Die Kommission unterstütze Start-ups, wobei es nicht nur um Förderungen, sondern auch um rechtliche Maßnahmen
gehe, die die Gründung von Start-ups erleichtern. Die Förderung kreativer Industrien liege ihm sehr am
Herzen, sagte Navracsics SPÖ-Abgeordneter Elisabeth Hakel.
Schlüsselqualifikation soziale Bildung
Beim Thema Jugendarbeitslosigkeit, das Katharina Kucharowits (S) ansprach, wies der Kommissar darauf hin, dass
viele Firmen Jugendliche einstellen wollten, diesen aber vielfach die Fertigkeiten für einen erfolgreichen
Einstieg ins Berufsleben fehlten, unter anderem auch soziale Fähigkeiten, deren Erwerb es daher von früher
Kindheit an zu fördern gelte.
Die von Matthias Strolz (N) angesprochene Überwindung der traditionellen Trennung von Akademikern und Nichtakademikern
ist das Thema des Programms Erasmus+, das darauf abzielt, die Zahl von 54.000 Lehrlingen im europäischen Austauschprogramm
bis 2020 auf 450.000 zu steigern. Bildung habe Priorität im EU-Budget der EU-Kommissar, das Programm brauche
aber auch Unterstützung von Firmen und Universitäten.
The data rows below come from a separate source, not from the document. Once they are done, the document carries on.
(* For every nonnegative integer $d$ and every $\tau\ge1$, $$\int_0^\infty\left(\int_\tau^x\frac{|H_d(t)|}{t}\,dt\right)\varphi(x)\,dx\le e^{-\tau^2/4}.$$
   Context: $\varphi(x)=\frac{1}{\sqrt{2\pi}}e^{-x^2/2}$ is the standard Gaussian density on $\mathbb{R}$. The Hermite polynomials $(H_k)_{k\ge0}$ are the orthonormal polynomials for $\mathcal{N}(0,1)$ with $\deg H_k=k$ and positive leading coefficient (the probabilist's Hermite polynomials divided by $\sqrt{k!}$). For $x<\tau$ the inner integral $\int_\tau^x$ is the usual oriented integral. *)

theory Defs
  imports "HOL-Probability.Probability"
begin

text \<open>Probabilist's Hermite polynomials He_n (monic), via the three-term recurrence
  He_0 = 1, He_1 = x, He_(n+2) = x He_(n+1) - (n+1) He_n.\<close>
fun hermite_prob :: "nat \<Rightarrow> real \<Rightarrow> real" where
  "hermite_prob 0 x = 1"
| "hermite_prob (Suc 0) x = x"
| "hermite_prob (Suc (Suc n)) x = x * hermite_prob (Suc n) x - real (Suc n) * hermite_prob n x"

text \<open>Orthonormal Hermite polynomials for N(0,1): H_k = He_k / sqrt(k!).\<close>
definition hermite :: "nat \<Rightarrow> real \<Rightarrow> real" where
  "hermite k x = hermite_prob k x / sqrt (fact k)"

end

(*
  The inner integral is nonpositive for x < tau, so the outer integral is at most its
  part over x > tau.  By Tonelli that part is the integral over t > tau of
  |H_d(t)| / t * P(X > t), and Mills' ratio P(X > t) <= phi(t) / t bounds it by the
  integral of |H_d| phi / t^2.  Weighted AM-GM with weight l = exp(-tau^2/4) gives
  |H_d| / t^2 <= (l/2) H_d^2 + 1 / (2 l t^4) <= (l/2) H_d^2 + t / (2 l) for t >= 1, and
  the two pieces contribute (l/2) E[H_d(X)^2] = l/2 and phi(tau) / (2 l) <= l/2.
  The part over 0 < x < tau is finite because H_d is continuous, so the integral
  exists.  Orthonormality E[He_n(X)^2] = n! comes from Stein's identity
  E[X p(X)] = E[p'(X)] together with He_(n+1) = x He_n - He_n'.
*)
theory Submission
  imports Defs "HOL-Computational_Algebra.Polynomial" "HOL-Real_Asymp.Real_Asymp"
begin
Die Sorge der Grün-Abgeordneten Sigrid Maurer wegen eines wachsenden Antisemitismus in Ungarn bemühte
sich Navracsics zu zerstreuen. Navracics distanzierte sich klar von jeder Form des Antisemitismus und wies darauf
hin, dass die vitale und wachsende jüdische Gemeinde in Budapest ohne jede Gefahr sei.
Asdin El Habbassi (V) erfuhr von Kommissar Navracsics, dass es Teil der Single-Market-Strategie sei, die digitalen
Fertigkeiten junger Menschen zu verbessern, die Universitäten digital zu öffnen und die Zusammenarbeit
mit den USA auf diesem Gebiet auszubauen.